Nantes

Industrie

Interview Armor : « La diversification par le savoir-faire »

Entretien avec Hubert de Boisredon, PDG d'Armor

Propos recueillis par la rédaction - 09 septembre 2016

Presque centenaire sur le marché de l'encre, Armor se diversifie aujourd'hui sur le marché des objets connectés. Comment passe-t-on du monde de l'impression à celui de l'high tech ? Réponse d'Hubert de Boisredon, PDG de cette ETI nantaise de 1.850 salariés.

Le Journal des Entreprises
Le Journal des Entreprises — Photo : Le Journal des Entreprises

Le Journal des Entreprises : Après des films pour batteries et pour panneaux solaires, Armor s’apprête à fabriquer des films pour les objets connectés. Comment passe-t-on des marchés de l’imprimerie et de l’impression à ceux des nouvelles technologies ?

Hubert de Boisredon : Nous lançons une activité de fabrication de films ultra-minces intelligents dédiés notamment au développement des objets connectés. Alors comment passe-t-on de la fabrication des consommables d’impression traditionnels (cartouches d’encre, cartouches laser pour l’entreprise, rubans de transfert thermique pour imprimer les étiquettes code-barres) à des films intelligents pour les objets connectés ? C’est à partir de notre savoir-faire.

Quel est ce savoir-faire ?

HdB : Née en 1922, Armor est spécialisée dans la formulation d’encres.
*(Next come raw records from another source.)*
lemma dt_order_Suc: "dt_order \<phi> \<omega> (Suc t) = dt_order \<phi> \<omega> t @ [query (dt_order \<phi> \<omega> t) \<omega>]"
  by (simp add: query_def Let_def)

lemma explore_dt_order: "explore (dt_order \<phi> \<omega> t) \<omega> j = dt_order \<phi> \<omega> (t + j)"
proof (induction j arbitrary: t)
  case (Suc j)
  have "explore (dt_order \<phi> \<omega> t) \<omega> (Suc j) = explore (dt_order \<phi> \<omega> (Suc t)) \<omega> j"
    by (simp only: explore.simps dt_order_Suc)
  then show ?case using Suc.IH[of "Suc t"] by simp
qed simp

lemma length_dt_order: "length (dt_order \<phi> \<omega> t) = t"
  by (induction t) (simp_all add: Let_def)

lemma dt_order_add: "\<exists>ys. dt_order \<phi> \<omega> (t + d) = dt_order \<phi> \<omega> t @ ys"
  by (induction d) (auto simp: Let_def)

lemma nth_dt_order: "i < t \<Longrightarrow> t \<le> t' \<Longrightarrow> dt_order \<phi> \<omega> t ! i = dt_order \<phi> \<omega> t' ! i"
  using dt_order_add[of \<omega> t "t' - t"] length_dt_order[of \<omega> t] by (auto simp: nth_append)

lemma set_dt_order_mono: "t \<le> t' \<Longrightarrow> set (dt_order \<phi> \<omega> t) \<subseteq> set (dt_order \<phi> \<omega> t')"
  using dt_order_add[of \<omega> t "t' - t"] by auto

lemma valid_hist_dt_order: "t \<le> CARD('e) \<Longrightarrow> valid_hist (dt_order \<phi> \<omega> t) (CARD('e) - t)"
proof (induction t)
  case 0
  then show ?case by (simp add: valid_hist_def)
next
  case (Suc t)
  then have "valid_hist (dt_order \<phi> \<omega> t) (Suc (CARD('e) - Suc t))" by (simp add: Suc_diff_Suc)
  then show ?case using valid_hist_snoc_query unfolding dt_order_Suc by blast
qed

lemma set_dt_order_CARD: "set (dt_order \<phi> \<omega> CARD('e)) = UNIV"
  using valid_hist_full[of "dt_order \<phi> \<omega> CARD('e)"] valid_hist_dt_order[of "CARD('e)" \<omega>]
    length_dt_order by simp

lemma tau_spec:
  "1 \<le> tau f \<phi> \<omega> \<and> tau f \<phi> \<omega> \<le> CARD('e) \<and>
   (\<forall>\<omega>'. (\<forall>e\<in>set (dt_order \<phi> \<omega> (tau f \<phi> \<omega>)). \<omega>' e = \<omega> e) \<longrightarrow> f \<omega>' = f \<omega>)"
proof -
  let ?P = "\<lambda>t. 1 \<le> t \<and> (\<forall>\<omega>'. (\<forall>e\<in>set (dt_order \<phi> \<omega> t). \<omega>' e = \<omega> e) \<longrightarrow> f \<omega>' = f \<omega>)"
  have "\<omega>' = \<omega>" if "\<forall>e\<in>set (dt_order \<phi> \<omega> CARD('e)). \<omega>' e = \<omega> e" for \<omega>'
    using that set_dt_order_CARD[of \<omega>] by auto
  then have "?P CARD('e)" by (auto simp: Suc_le_eq)
  then show ?thesis unfolding tau_def using LeastI[of ?P] Least_le[of ?P] by blast
qed

lemma lt_tau_if_not_determined: "\<not> determined (dt_order \<phi> \<omega> t) \<omega> \<Longrightarrow> t < tau f \<phi> \<omega>"
proof (rule ccontr)
  assume "\<not> determined (dt_order \<phi> \<omega> t) \<omega>" "\<not> t < tau f \<phi> \<omega>"
  moreover have "set (dt_order \<phi> \<omega> (tau f \<phi> \<omega>)) \<subseteq> set (dt_order \<phi> \<omega> t)"
    using calculation(2) by (intro set_dt_order_mono) simp
  ultimately show False
    using tau_spec[of \<omega>] unfolding determined_def cylinder_def by blast
qed
theorem lemma3p2:
  fixes A :: "real \<Rightarrow> real^'n^'n"
    and T :: "real \<Rightarrow> real \<Rightarrow> real^'n^'n"
    and P :: "real \<Rightarrow> real^'n^'n"
    and \<mu> :: "real \<Rightarrow> real"
    and f :: "real \<Rightarrow> real^'n \<Rightarrow> real^'n"
    and X :: "real \<Rightarrow> real \<Rightarrow> real^'n \<Rightarrow> real^'n"
    and K \<alpha> \<beta> \<gamma> :: real
  assumes A_cont: "continuous_on UNIV A"
    and A_bdd: "bounded (range A)"
    and T_evol: "evolution_operator A T"
    and mu: "growth_rate \<mu>"
    and dich: "algebraic_dichotomy T \<mu> P K \<alpha>"
    and f_cont: "continuous_on UNIV (\<lambda>(t, x). f t x)"
    and beta: "\<beta> \<ge> 0" and gamma: "\<gamma> \<ge> 0"
    and f_bound: "\<And>t x. norm (f t x) \<le> \<beta> * deriv \<mu> t / \<mu> t"
    and f_lip: "\<And>t x1 x2. norm (f t x1 - f t x2) \<le> \<gamma> * deriv \<mu> t / \<mu> t * norm (x1 - x2)"
    and small: "6 * K * \<gamma> / \<alpha> < 1"
    and X_init: "\<And>\<tau> \<xi>. X \<tau> \<tau> \<xi> = \<xi>"
    and X_sol: "\<And>\<tau> \<xi> t. ((\<lambda>t. X t \<tau> \<xi>) has_vector_derivative
                          (A t *v X t \<tau> \<xi> + f t (X t \<tau> \<xi>))) (at t)"
  shows "\<forall>\<tau> \<xi>. \<exists>!h :: real \<Rightarrow> real^'n.
           (\<forall>t. (h has_vector_derivative (A t *v h t - f t (X t \<tau> \<xi>))) (at t))
           \<and> bounded (range h)
         \<and> (\<forall>h. (\<forall>t. (h has_vector_derivative (A t *v h t - f t (X t \<tau> \<xi>))) (at t))
                \<and> bounded (range h) \<longrightarrow> (\<forall>t. norm (h t) \<le> 2 * K * \<beta> / \<alpha>))"
proof -
  obtain M where "\<And>t v. norm (A t *v v) \<le> M * norm v"
    using bounded_range_imp_matrix_vector_bound[OF A_bdd] by blast
  then interpret dichotomic_linear_ode A T M P \<mu> K \<alpha>
    using T_evol mu dich by unfold_locales
  have forcing_cont: "continuous_on UNIV (\<lambda>t. f t (X t \<tau> \<xi>))" for \<tau> \<xi>
  proof -
    have "continuous_on UNIV (\<lambda>t. X t \<tau> \<xi>)"
      using has_vector_derivative_continuous[OF X_sol] by (simp add: continuous_at_imp_continuous_on)
    from continuous_on_compose[OF continuous_on_Pair[OF continuous_on_id this]
        continuous_on_subset[OF f_cont subset_UNIV]]
    show ?thesis
      by (simp add: o_def)
  qed
  show ?thesis
    using ex1_bounded_solution[OF forcing_cont f_bound beta] by blast
qed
Dans les années 1980, l’entreprise a ajouté un autre savoir-faire, l’enduction de couches minces sur films ultra-minces. On imprime à peu près 0,1 à 0,5 gramme d’encre par mètre carré sur des films de 4 microns, c’est-à-dire un vingtième de cheveu. On a découvert petit à petit que ce savoir-faire est adapté à l’évolution des besoins de l’industrie, notamment des objets connectés et de toutes les applications qui demandent d’aller vers l’ultra mince. Ce sont des formulations de produits que l’on peut tapisser sur du film et qui peuvent servir à imprimer, mais aussi à connecter ou à transformer de la lumière en énergie, dans le cas des films photovoltaïques, l’une de nos diversifications en cours. Ils peuvent aussi permettre d’isoler une batterie électrique pour améliorer sa performance. C’est ce qu’on fait également.

À quoi ces films vont-ils servir ?

HdB : Prenons l’exemple du bracelet connecté qui prend des informations du corps ou de l’extérieur pour les transmettre. Les films ultra-minces que nous allons faire vont permettre une adhésion parfaite à la peau pour transmettre des informations sensorielles. On peut imaginer des applications incroyables pour la santé. On peut imaginer qu’un aveugle en le programmant auparavant sera informé de son chemin parce qu’il y aura une connexion entre la carte GPS et son poignet.

Quelles perspectives ces activités ouvrent-elle pour Armor ?

HdB : Nos activités historiques ne seront pas minoritaires parce qu’on continue d’avoir une croissance de 8 % par an. Nous surfons sur un marché en croissance et cette diversification va nous permettre d’ajouter de la croissance à la croissance.

Armor réalise 240 millions d’euros de chiffre d’affaires. Combien demain avec cette diversification ?

HdB : On souhaite progresser, aller plus loin. On espère maintenir une croissance annuelle comprise entre 5 et 10 %.

Comment naît cette innovation ? Uniquement en s’appuyant sur les salariés de l’entreprise ou en ayant recours à des apports extérieurs ?

HdB : Cette innovation émane d’une combinaison de facteurs. D’abord nous avons à peu près cent personnes en R & D. Il y a une très forte émulation interne et de la veille qui nous permet de détecter les évolutions du métier et en quoi nos savoir-faire peuvent répondre à des besoins non couverts ou sur lesquels on pourrait être meilleur que d’autres. Après ce sont les rencontres par des salons, par des partenaires qui cherchent des industriels pour réaliser une partie de leurs innovations.

L’industrie a donc toujours un avenir en France ?

HdB : Absolument et Armor en est une des démonstrations. Nous avons 700 personnes à Nantes, avec un site de 450 personnes à La Chevrolière et toutes ces innovations, que cela soit les films pour batterie, les films photovoltaïques ou pour les objets connectés, seront produites dans la région nantaise. Nous prévoyons des embauches spécifiques. Nous avons déjà recruté une trentaine de salariés pour ces diversifications. Dans cinq à sept ans, nous pensons que ces activités rassembleront une centaine de personnes.